You can only bend the rules so far before they break, and I ultimately force to confront the irrationality of my rationalization. I settled into a depression. Perhaps I was in fact so obsessed with the ideal, that I was unable to be attracted to males or females, and was therefore some sort of sexless being who’d never be able fall in love.

Fortunately, I caught this destructive thought process in time. Things in my life were beginning to add up. I began to wonder if my deliberate avoidance of gay porn up until then was not so much for moral reasons, or a lack of interest, but out of fear that it would confirm what I was beginning to fear was true. I hesitated.

Then I took the plunge.

I think the first porn-star I started to be interested in was Belami’s Johan. There was a certain carefree, naturalistic aura about him. From there, I wanted to find out more about Johan himself. So I read some of his interviews he’d done. It turned out he was a gay-for-pay porn star (a new concept to me) supporting himself in an economically depressed region in Europe.

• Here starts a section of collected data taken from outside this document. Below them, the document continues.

lemma det_Bmat_augment_rates_new_block_nonzero:
  assumes r: "rate_assign E0 M0 y0 r"
  shows "det_on ((E1 <+> M1) - (E0 <+> M0)) (Bmat y1 yb1 (augment_rates r)) \<noteq> 0"
proof -
  let ?B = "Bmat y1 yb1 (augment_rates r)" and ?N = "(E1 - E0) <+> (M1 - M0)"
  have new: "(E1 <+> M1) - (E0 <+> M0) = ?N"
    by auto
  have "trivial_kernel_on ?N ?B"
    unfolding trivial_kernel_on_def
  proof (intro allI impI)
    fix z assume ker: "\<forall>\<gamma>\<in>?N. (\<Sum>\<delta>\<in>?N. ?B \<gamma> \<delta> * z \<delta>) = 0"
    have reaction: "z (Inl k) = (\<Sum>m\<in>M1 - M0. if J m = k then z (Inr m) else 0)" if k: "k \<in> E1 - E0" for k
    proof -
      have "?B (Inl k) (Inl k') * z (Inl k') = (if k' = k then - z (Inl k) else 0)" for k'
        by auto
      moreover have "?B (Inl k) (Inr m) * z (Inr m) = (if J m = k then z (Inr m) else 0)" if "m \<in> M1 - M0" for m
        using that k r by (auto simp: augment_rates_new)
      ultimately have "(\<Sum>\<delta>\<in>?N. ?B (Inl k) \<delta> * z \<delta>) = - z (Inl k) + (\<Sum>m\<in>M1 - M0. if J m = k then z (Inr m) else 0)"
        using k finite_E1 finite_M1 by (simp add: sum.Plus)
      moreover have "Inl k \<in> ?N"
        using k by auto
      ultimately show ?thesis
        using ker by simp
    qed
    have child: "(\<Sum>m'\<in>M1 - M0. stoich y1 yb1 m (J m') * z (Inr m')) = 0" if m: "m \<in> M1 - M0" for m
    proof -
      have "Inr m \<in> ?N"
        using m by auto
      then have "0 = (\<Sum>k\<in>E1 - E0. stoich y1 yb1 m k * z (Inl k))"
        using ker[rule_format, OF \<open>Inr m \<in> ?N\<close>] finite_E1 finite_M1 by (simp add: sum.Plus)
      also have "\<dots> = (\<Sum>k\<in>E1 - E0. \<Sum>m'\<in>M1 - M0. if k = J m' then stoich y1 yb1 m k * z (Inr m') else 0)"
        by (intro sum.cong refl) (auto simp: reaction sum_distrib_left intro: sum.cong)
      also have "\<dots> = (\<Sum>m'\<in>M1 - M0. stoich y1 yb1 m (J m') * z (Inr m'))"
        using J_new finite_E1 by (subst sum.swap) (simp add: sum.delta')
      finally show ?thesis by simp
    qed
    have "\<forall>m\<in>M1 - M0. z (Inr m) = 0"
      using trivial_kernel_onD[OF trivial_kernel_child_block, where z = "\<lambda>m. z (Inr m)"] child by blast
    then have "\<forall>k\<in>E1 - E0. z (Inl k) = 0"
      by (simp add: reaction sum.neutral)
    with \<open>\<forall>m\<in>M1 - M0. z (Inr m) = 0\<close> show "\<forall>\<delta>\<in>?N. z \<delta> = 0"
      by auto
  qed
  then show ?thesis
    using finite_E1 finite_M1 by (simp add: new det_on_nonzero_iff)
qed
text \<open>Admissible ideal: R^m contained in I contained in R^2 for some m >= 2.
  For such I, the ordinary (Gabriel) quiver of kQ/I is Q.\<close>
definition admissible_ideal :: "(path \<Rightarrow> 'k::field) set \<Rightarrow> bool" where
  "admissible_ideal I \<longleftrightarrow> I \<subseteq> arrow_ideal_pow 2 \<and> (\<exists>m\<ge>2. arrow_ideal_pow m \<subseteq> I)"

text \<open>A k-derivation of kQ/I, given on representatives: a map d on kQ that is
  well defined modulo I, k-linear modulo I and satisfies the Leibniz rule modulo I.
  Every k-derivation of kQ/I arises in this way (compose with a set-theoretic section).\<close>
definition quot_derivation :: "(path \<Rightarrow> 'k::field) set \<Rightarrow> ((path \<Rightarrow> 'k) \<Rightarrow> (path \<Rightarrow> 'k)) \<Rightarrow> bool" where
  "quot_derivation I d \<longleftrightarrow>
     (\<forall>x\<in>KQ. d x \<in> KQ) \<and>
     (\<forall>x\<in>KQ. \<forall>y\<in>KQ. kq_diff x y \<in> I \<longrightarrow> kq_diff (d x) (d y) \<in> I) \<and>
     (\<forall>x\<in>KQ. \<forall>y\<in>KQ. kq_diff (d (kq_add x y)) (kq_add (d x) (d y)) \<in> I) \<and>
     (\<forall>c. \<forall>x\<in>KQ. kq_diff (d (kq_smult c x)) (kq_smult c (d x)) \<in> I) \<and>
     (\<forall>x\<in>KQ. \<forall>y\<in>KQ. kq_diff (d (kq_mult x y)) (kq_add (kq_mult (d x) y) (kq_mult x (d y))) \<in> I)"

definition quot_inner :: "(path \<Rightarrow> 'k::field) set \<Rightarrow> ((path \<Rightarrow> 'k) \<Rightarrow> (path \<Rightarrow> 'k)) \<Rightarrow> bool" where
  "quot_inner I d \<longleftrightarrow>
     (\<exists>a\<in>KQ. \<forall>x\<in>KQ. kq_diff (d x) (kq_diff (kq_mult a x) (kq_mult x a)) \<in> I)"

definition HH1_vanishes :: "(path \<Rightarrow> 'k::field) set \<Rightarrow> bool" where
  "HH1_vanishes I \<longleftrightarrow> (\<forall>d. quot_derivation I d \<longrightarrow> quot_inner I d)"

end

theory Submission
  imports Defs
begin

section \<open>Paths of Q\<close>

lemma successively_conv_nth:
  "successively P xs \<longleftrightarrow> (\<forall>i. Suc i < length xs \<longrightarrow> P (xs ! i) (xs ! Suc i))"
proof (induction xs rule: induct_list012)
  case (3 x y zs)
  have "(\<forall>i. Suc i < length (x # y # zs) \<longrightarrow> P ((x # y # zs) ! i) ((x # y # zs) ! Suc i))
     \<longleftrightarrow> P x y \<and> (\<forall>i. Suc i < length (y # zs) \<longrightarrow> P ((y # zs) ! i) ((y # zs) ! Suc i))"
    by (metis Suc_less_eq length_Cons nth_Cons_0 nth_Cons_Suc zero_less_Suc not0_implies_Suc)
  then show ?case using 3 by simp
qed auto

lemma valid_Nontriv_iff:
  "valid_path (Nontriv xs) \<longleftrightarrow> xs \<noteq> [] \<and> successively (\<lambda>x y. arr_src x = arr_tgt y) xs"
  by (simp add: successively_conv_nth)

declare valid_path.simps(2)[simp del]

definition path_B :: "nat \<Rightarrow> path" where
  "path_B n = (if n = 0 then Triv V2 else Nontriv (replicate n Beta))"
definition path_AB :: "nat \<Rightarrow> path" where
  "path_AB n = Nontriv (Alpha # replicate n Beta)"
definition path_BG :: "nat \<Rightarrow> path" where
  "path_BG n = Nontriv (replicate n Beta @ [Gamma])"
definition path_ABG :: "nat \<Rightarrow> path" where
  "path_ABG n = Nontriv (Alpha # replicate n Beta @ [Gamma])"

lemma valid_paths [simp]:
  "valid_path (path_B n)" "valid_path (path_AB n)" "valid_path (path_BG n)" "valid_path (path_ABG n)"
  by (auto simp: valid_path.simps path_B_def path_AB_def path_BG_def path_ABG_def nth_Cons nth_append split: nat.splits)

lemma arrow_chain_cases:
  assumes "successively (\<lambda>x y. arr_src x = arr_tgt y) xs" "xs \<noteq> []"
  shows "(\<exists>n>0. xs = replicate n Beta) \<or> (\<exists>n. xs = Alpha # replicate n Beta)
       \<or> (\<exists>n. xs = replicate n Beta @ [Gamma]) \<or> (\<exists>n. xs = Alpha # replicate n Beta @ [Gamma])"
  using assms
proof (induction xs)
  case (Cons x xs)
  show ?case
  proof (cases "xs = []")
    case True
    then show ?thesis
      by (cases x) (auto intro!: exI[of _ 0] exI[of _ "Suc 0"])
  next
    case False
    then have x: "arr_src x = arr_tgt (hd xs)" and IH: "(\<exists>n>0. xs = replicate n Beta)
       \<or> (\<exists>n. xs = Alpha # replicate n Beta) \<or> (\<exists>n. xs = replicate n Beta @ [Gamma])
       \<or> (\<exists>n. xs = Alpha # replicate n Beta @ [Gamma])"
      using Cons by (auto simp: successively_Cons)
    from IH show ?thesis
    proof (elim disjE exE conjE)
      fix n assume "0 < n" "xs = replicate n Beta"
      then show ?thesis using x
        by (cases n; cases x) (auto intro: exI[of _ n] exI[of _ "Suc n"])
    next
      fix n assume "xs = replicate n Beta @ [Gamma]"
      then show ?thesis using x
        by (cases n; cases x) (auto intro: exI[of _ n] exI[of _ "Suc n"])
    qed (use x in \<open>cases x; auto\<close>)+
  qed
qed simp

lemma valid_path_cases:
  assumes "valid_path p"
  obtains v where "p = Triv v" | n where "p = path_B n" | n where "p = path_AB n"
    | n where "p = path_BG n" | n where "p = path_ABG n"
proof (cases p)
  case (Nontriv xs)
  then have "xs \<noteq> []" "successively (\<lambda>x y. arr_src x = arr_tgt y) xs"
    using assms by (auto simp: valid_Nontriv_iff)
  from arrow_chain_cases[OF this(2,1)] show ?thesis
    using that Nontriv unfolding path_B_def path_AB_def path_BG_def path_ABG_def
    by (metis neq0_conv)
qed (use that in blast)

lemma path_mult_Triv_left [simp]:
  "path_mult (Triv v) q = (if v = path_tgt q then Some q else None)"
  by (auto simp: path_mult_def)

lemma path_mult_Triv_right [simp]:
  "path_mult (Nontriv xs) (Triv w) = (if arr_src (last xs) = w then Some (Nontriv xs) else None)"
  by (auto simp: path_mult_def)

lemma path_mult_Nontriv [simp]:
  "path_mult (Nontriv xs) (Nontriv ys) =
     (if arr_src (last xs) = arr_tgt (hd ys) then Some (Nontriv (xs @ ys)) else None)"
  by (auto simp: path_mult_def)

lemma path_mult_None: "path_src p \<noteq> path_tgt q \<Longrightarrow> path_mult p q = None"
  by (simp add: path_mult_def)

lemma path_mult_valid:
  "valid_path p \<Longrightarrow> valid_path q \<Longrightarrow> path_mult p q = Some r \<Longrightarrow> valid_path r"
  by (cases p; cases q) (auto simp: valid_Nontriv_iff successively_append_iff split: if_splits)

lemma path_mult_assoc:
  assumes "valid_path p" "valid_path q" "valid_path t"
  shows "Option.bind (path_mult p q) (\<lambda>u. path_mult u t) = Option.bind (path_mult q t) (path_mult p)"
  using assms by (cases p; cases q; cases t) (auto simp: valid_Nontriv_iff split: if_splits)

definition beta_count :: "path \<Rightarrow> nat" where
  "beta_count p = (case p of Triv v \<Rightarrow> 0 | Nontriv xs \<Rightarrow> count_list xs Beta)"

From this, I discovered the first true thing about myself. Knowing the history of a person is absolutely essential to my attraction for people. You can only go so far with sex appeal. Its the story behind the person that, well… makes the person.

Eventually, I discovered a second truth. I’m a sucker for body language. The good porn were the ones which the guys tell you silently “there's more going on here than just sex”. When I can feel the love, I get turned on. Interestingly, most of the best ones are to be found in the "amateur" category where the sex is unscripted.

And then I learned a third and final truth. That when both of these elements, background info and body language come together in a guy-on-guy sex act… then I get really hot and bothered. Way more so than when these elements came together in straight sex.

And that’s how I accepted that I was gay. That’s where I’m at now.

To top this entry off, I thought I’d add another picture of Brad. It seems his boyfriend had strapped him to a tree. Perhaps a strategy to protest current logging practices?